CTEV interstitiels myométriaux était corrélée avec un plus petit poids de naissance

(<5

e

percentile) [88].

Anomalies du développement vasculaire placentaire

Trois grands types de réseaux vasculaires placentaires, normaux ou

pathologiques, ont été décrits en cas de RCIU par Kaufmann et al.
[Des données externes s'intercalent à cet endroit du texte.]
(* Let $m\ge 2$ be an integer and let $C=uRM(m)\subseteq \mathbb{F}_2^{2^m}$ be the classical binary linear code defined in the context (the code cut out by the weight-4 bulk checks and the boundary checks $S(w,t)$ on a $2^b\times 2^a$ grid). Then $C$ is equivalent, up to a permutation of coordinates, to the first-order Reed–Muller code $RM(1,m)$; in particular $C$ has parameters $[n,k,d]=[2^m,\,m+1,\,2^{m-1}]$.
   Context: Let $a=\lceil m/2\rceil$ and $b=\lfloor m/2\rfloor$, so $a+b=m$. Place $2^m$ bits on a rectangular grid with $2^b$ rows and $2^a$ columns; bits are indexed by grid positions $(i,j)$, $1\le i\le 2^b$, $1\le j\le 2^a$, with row $i=1$ the top row and column $j=1$ the leftmost column. A check is a subset of grid positions; a vector $x\in\mathbb{F}_2^{2^m}$ satisfies the check if the sum of $x$ over that subset is $0$ mod 2. Bulk checks: for every $1\le i<2^b$, $1\le j<2^a$, the 4-element set $\{(i,j),(i+1,j),(i,j+1),(i+1,j+1)\}$. Boundary checks: for a line of $L=2^n$ positions labelled $1,\dots,L$, and for each $s\in\{1,\dots,n-1\}$, $w=2^s$, and each integer $t$ with $-L/(2w)+1\le t\le L/(2w)-1$, define the 4-element set $S(w,t)=\{L/2-w/2+wt,\ L/2-w/2+wt+1,\ L/2+w/2+wt,\ L/2+w/2+wt+1\}$. The horizontal boundary checks are the sets $S(w,t)$ (with $n=a$) placed on the top row (position $j$ of the line being $(1,j)$); the vertical boundary checks are the sets $S(w,t)$ (with $n=b$) placed on the leftmost column (position $i$ of the line being $(i,1)$). $uRM(m)$ is the set of all $x\in\mathbb{F}_2^{2^m}$ satisfying all bulk and boundary checks. $RM(1,m)$ is the binary code of length $2^m$ consisting of the evaluation vectors $(c_0+c\cdot v)_{v\in\mathbb{F}_2^m}$ over all $c_0\in\mathbb{F}_2$, $c\in\mathbb{F}_2^m$. *)

theory Defs
  imports Main
begin

definition ca :: "nat \<Rightarrow> nat" where "ca m = (m + 1) div 2"
definition cb :: "nat \<Rightarrow> nat" where "cb m = m div 2"

definition grid :: "nat \<Rightarrow> (int \<times> int) set" where
  "grid m = {1..2 ^ cb m} \<times> {1..2 ^ ca m}"

definition bulk_checks :: "nat \<Rightarrow> (int \<times> int) set set" where
  "bulk_checks m = {{(i,j), (i+1,j), (i,j+1), (i+1,j+1)} | i j.
      1 \<le> i \<and> i < 2 ^ cb m \<and> 1 \<le> j \<and> j < 2 ^ ca m}"

definition Sset :: "int \<Rightarrow> int \<Rightarrow> int \<Rightarrow> int set" where
  "Sset L w t = {L div 2 - w div 2 + w * t, L div 2 - w div 2 + w * t + 1,
                 L div 2 + w div 2 + w * t, L div 2 + w div 2 + w * t + 1}"

definition bd_sets :: "nat \<Rightarrow> int set set" where
  "bd_sets n = {Sset (2 ^ n) (2 ^ s) t | s t.
      1 \<le> s \<and> s \<le> n - 1 \<and>
      - ((2 ^ n) div (2 * 2 ^ s)) + 1 \<le> t \<and> t \<le> (2 ^ n) div (2 * 2 ^ s) - 1}"

definition hor_checks :: "nat \<Rightarrow> (int \<times> int) set set" where
  "hor_checks m = (\<lambda>T. (\<lambda>j. (1, j)) ` T) ` bd_sets (ca m)"

definition ver_checks :: "nat \<Rightarrow> (int \<times> int) set set" where
  "ver_checks m = (\<lambda>T. (\<lambda>i. (i, 1)) ` T) ` bd_sets (cb m)"

definition all_checks :: "nat \<Rightarrow> (int \<times> int) set set" where
  "all_checks m = bulk_checks m \<union> hor_checks m \<union> ver_checks m"

text \<open>A word is a 0/1 function (bool) vanishing outside the coordinate set;
  it satisfies a check if its sum over the check is 0 mod 2.\<close>
definition satisfies :: "('a \<Rightarrow> bool) \<Rightarrow> 'a set \<Rightarrow> bool" where
  "satisfies x S \<longleftrightarrow> even (card {p \<in> S. x p})"

definition uRM :: "nat \<Rightarrow> (int \<times> int \<Rightarrow> bool) set" where
  "uRM m = {x. (\<forall>p. x p \<longrightarrow> p \<in> grid m) \<and> (\<forall>S \<in> all_checks m. satisfies x S)}"

text \<open>F_2^m as bool lists of length m; RM(1,m) as evaluation vectors indexed by them.\<close>
definition vecs :: "nat \<Rightarrow> bool list set" where
  "vecs m = {v. length v = m}"

definition dotF2 :: "bool list \<Rightarrow> bool list \<Rightarrow> bool" where
  "dotF2 c v \<longleftrightarrow> odd (card {i. i < length c \<and> c ! i \<and> v ! i})"

definition RM1 :: "nat \<Rightarrow> (bool list \<Rightarrow> bool) set" where
  "RM1 m = {y. \<exists>c0 c. length c = m \<and>
      y = (\<lambda>v. if v \<in> vecs m then (c0 \<noteq> dotF2 c v) else False)}"

definition hdist :: "('a \<Rightarrow> bool) \<Rightarrow> ('a \<Rightarrow> bool) \<Rightarrow> nat" where
  "hdist x y = card {p. x p \<noteq> y p}"

definition min_dist :: "('a \<Rightarrow> bool) set \<Rightarrow> nat" where
  "min_dist C = Min {hdist x y | x y. x \<in> C \<and> y \<in> C \<and> x \<noteq> y}"

end

theory Submission
  imports Defs
begin

text \<open>
  The bulk checks say that every 2 \<times> 2 square of the grid has even weight, so a codeword
  satisfies x(i,j) = x(i,1) + x(1,j) + x(1,1) and is determined by its top row and its left
  column. On a line, written 0-based as g(u) = f(u + 1), the boundary check S(2^(v+1), t)
  compares the jumps g(u - 1) + g(u) at u = 2^v(2k + 1) and u = 2^v(2k + 3); together they say
  that the jump at u depends only on the 2-adic valuation of u. An affine function of the
  binary digits of u has this property, because going from u - 1 to u flips exactly the
  digits of index at most v, and it is the only one with its values at 0 and at the powers of 2.
  Hence a codeword is c0 + <r, bits(i - 1)> + <s, bits(j - 1)>, an affine function of the
  m-bit label bits(i - 1) @ bits(j - 1), that is, a word of RM(1,m). Two distinct affine
  functions differ by a non-constant affine function, of weight 2^(m-1), or by the constant 1.
\<close>

primrec parity :: "nat \<Rightarrow> (nat \<Rightarrow> bool) \<Rightarrow> bool" where
  "parity 0 P = False"
| "parity (Suc n) P = (parity n P \<noteq> P n)"

lemma odd_card_eq_parity: "odd (card {i. i < n \<and> P i}) = parity n P"
proof (induction n)
  case (Suc n)
  have "{i. i < Suc n \<and> P i} = (if P n then insert n {i. i < n \<and> P i} else {i. i < n \<and> P i})"
    by (auto simp: less_Suc_eq)
  then show ?case using Suc by (simp add: card_insert_if)
qed simp

lemma parity_cong: "(\<And>i. i < n \<Longrightarrow> P i = Q i) \<Longrightarrow> parity n P = parity n Q"
  by (induction n) auto

lemma parity_neq: "(parity n P \<noteq> parity n Q) = parity n (\<lambda>i. P i \<noteq> Q i)"
  by (induction n) auto

lemma parity_False [simp]: "parity n (\<lambda>_. False) = False"
  by (induction n) auto

lemma parity_eq_single: "parity n (\<lambda>i. P i \<and> i = k) = (k < n \<and> P k)"
  by (induction n) (auto simp: less_Suc_eq)

lemma parity_add: "parity (a + b) P = (parity a P \<noteq> parity b (\<lambda>i. P (a + i)))"
  by (induction b) auto

lemma dotF2_eq_parity: "dotF2 c v = parity (length c) (\<lambda>i. c ! i \<and> v ! i)"
  unfolding dotF2_def odd_card_eq_parity ..

lemma satisfies_four_iff:
  assumes "distinct [a, b, c, d]"
  shows "satisfies x {a, b, c, d} \<longleftrightarrow> (x a \<noteq> x b) = (x c \<noteq> x d)"
proof -
  have e: "{p \<in> {a, b, c, d}. x p} = (if x a then {a} else {}) \<union> (if x b then {b} else {})
      \<union> (if x c then {c} else {}) \<union> (if x d then {d} else {})"
    by auto
  show ?thesis
    using assms unfolding satisfies_def e
    by (cases "x a"; cases "x b"; cases "x c"; cases "x d") (auto simp: card_insert_if)
qed

lemma satisfies_image:
  assumes "inj f"
  shows "satisfies x (f ` T) = satisfies (x \<circ> f) T"
proof -
  have "{p \<in> f ` T. x p} = f ` {j \<in> T. x (f j)}" by auto
  then show ?thesis
    unfolding satisfies_def using card_image[OF inj_on_subset[OF assms]] by simp
qed

section \<open>Affine functions of binary digits and the boundary checks\<close>

definition lin_bits :: "nat \<Rightarrow> (nat \<Rightarrow> bool) \<Rightarrow> nat \<Rightarrow> bool" where
  "lin_bits n d u = parity n (\<lambda>k. d k \<and> bit u k)"

lemma lin_bits_cong: "(\<And>k. k < n \<Longrightarrow> d k = d' k) \<Longrightarrow> lin_bits n d u = lin_bits n d' u"
  unfolding lin_bits_def by (rule parity_cong) auto

lemma lin_bits_0 [simp]: "lin_bits n d 0 = False"
  by (simp add: lin_bits_def)

lemma lin_bits_exp: "k < n \<Longrightarrow> lin_bits n d (2 ^ k) = d k"
  by (simp add: lin_bits_def bit_exp_iff parity_eq_single conj_commute)

lemma bit_Suc_neq_iff: "(bit (Suc w) i \<noteq> bit w i) \<longleftrightarrow> 2 ^ i dvd Suc w"
proof -
  have "Suc w div 2 ^ i = (if 2 ^ i dvd Suc w then Suc (w div 2 ^ i) else w div 2 ^ i)"
    by (simp add: div_Suc dvd_eq_mod_eq_0)
  then show ?thesis by (simp add: bit_iff_odd)
qed

lemma lin_bits_Suc_neq:
  "(lin_bits n d (Suc w) \<noteq> lin_bits n d w) = parity n (\<lambda>i. d i \<and> 2 ^ i dvd Suc w)"
  unfolding lin_bits_def parity_neq by (rule parity_cong) (use bit_Suc_neq_iff in blast)

lemma exp_dvd_exp_mult_odd_iff:
  fixes q :: nat
  assumes "odd q"
  shows "2 ^ i dvd 2 ^ v * q \<longleftrightarrow> i \<le> v"
proof
  assume "2 ^ i dvd 2 ^ v * q"
  show "i \<le> v"
  proof (rule ccontr)
    assume "\<not> i \<le> v"
    then have "2 ^ Suc v dvd (2::nat) ^ i" by (intro le_imp_power_dvd) simp
    then have "2 ^ Suc v dvd 2 ^ v * q" using \<open>2 ^ i dvd 2 ^ v * q\<close> by (rule dvd_trans)
    with assms show False by simp
  qed
qed (simp add: le_imp_power_dvd)

definition jump :: "(nat \<Rightarrow> bool) \<Rightarrow> nat \<Rightarrow> bool" where
  "jump g u \<longleftrightarrow> g (u - 1) \<noteq> g u"

definition jumps_by_valuation :: "nat \<Rightarrow> (nat \<Rightarrow> bool) \<Rightarrow> bool" where
  "jumps_by_valuation n g \<longleftrightarrow>
     (\<forall>v k. 2 ^ v * (2 * k + 1) < (2::nat) ^ n \<longrightarrow> jump g (2 ^ v * (2 * k + 1)) = jump g (2 ^ v))"

lemma exp_mult_odd_cases:
  assumes "0 < (u::nat)"
  obtains v k where "u = 2 ^ v * (2 * k + 1)"
  using assms
proof (induction u arbitrary: thesis rule: less_induct)
  case (less u)
  show ?case
  proof (cases "even u")
    case True
    then obtain w where w: "u = 2 * w" by blast
    with less.prems have "0 < w" "w < u" by auto
    then obtain v k where "w = 2 ^ v * (2 * k + 1)" using less.IH by blast
    with w have "u = 2 ^ Suc v * (2 * k + 1)" by simp
    then show ?thesis by (rule less.prems)
  next
    case False
    then have "u = 2 ^ 0 * (2 * (u div 2) + 1)" by simp
    then show ?thesis by (rule less.prems)
  qed
qed

lemma jump_lin_bits:
  "jump (\<lambda>u. e \<noteq> lin_bits n d u) (2 ^ v * (2 * k + 1)) = parity n (\<lambda>i. d i \<and> i \<le> v)"
proof -
  define u where "u = 2 ^ v * (2 * k + 1)"
  have dvd_iff: "2 ^ i dvd u \<longleftrightarrow> i \<le> v" for i
    unfolding u_def by (rule exp_dvd_exp_mult_odd_iff) simp
  have "Suc (u - 1) = u" by (simp add: u_def)
  then have "jump (\<lambda>u. e \<noteq> lin_bits n d u) u = parity n (\<lambda>i. d i \<and> 2 ^ i dvd u)"
    using lin_bits_Suc_neq[of n d "u - 1"] unfolding jump_def by auto
  also have "\<dots> = parity n (\<lambda>i. d i \<and> i \<le> v)"
    by (rule parity_cong) (simp only: dvd_iff)
  finally show ?thesis unfolding u_def .
qed

lemma jumps_by_valuation_lin_bits: "jumps_by_valuation n (\<lambda>u. e \<noteq> lin_bits n d u)"
  unfolding jumps_by_valuation_def jump_lin_bits using jump_lin_bits[of e n d v 0 for v] by simp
Le premier type serait secondaire à une anomalie de l’angiogenèse branchée et

non branchée. Il en résulterait une hypotrophie villositaire visible à l’examen

anatomopathologique du placenta. Cette anomalie de développement du réseau

vasculaire placentaire serait responsable d’une augmentation des résistances

placentaires qui se traduiraient cliniquement par des anomalies Doppler des artères

ombilicales (augmentation des résistances, diastole nulle, « reverse-flow »). En

clinique, le Doppler de l’artère ombilicale semble significativement corrélé avec les

issues périnatales. Des issues périnatales défavorables de type prématurité,

hospitalisation en soins intensifs néonataux, survenue d’hémorragies

intra-ventriculaire, ont été observées dans 90% des cas de RCIU avec Doppler anormal, et

dans seulement dans 33,3% des cas de RCIU avec Doppler normal [89,90].

Dans le deuxième type de RCIU, le développement placentaire semble normal

et la cause du RCIU serait alors pré-placentaire, c’est à dire utérine. Enfin il existerait

un troisième type de RCIU, associé à une angiogenèse branchée excessive. Ce type de

RCIU serait lié à une hypoxie maternelle précoce et se verrait habituellement chez les

femmes vivant en altitude ou en cas d’anémie chronique profonde (Figure 12).

Figure 12. Schéma simplifié des anomalies vasculaires de l’arbre villositaire rapportés à un RCIU placentaire. D’après Kaufmann 2004 [31].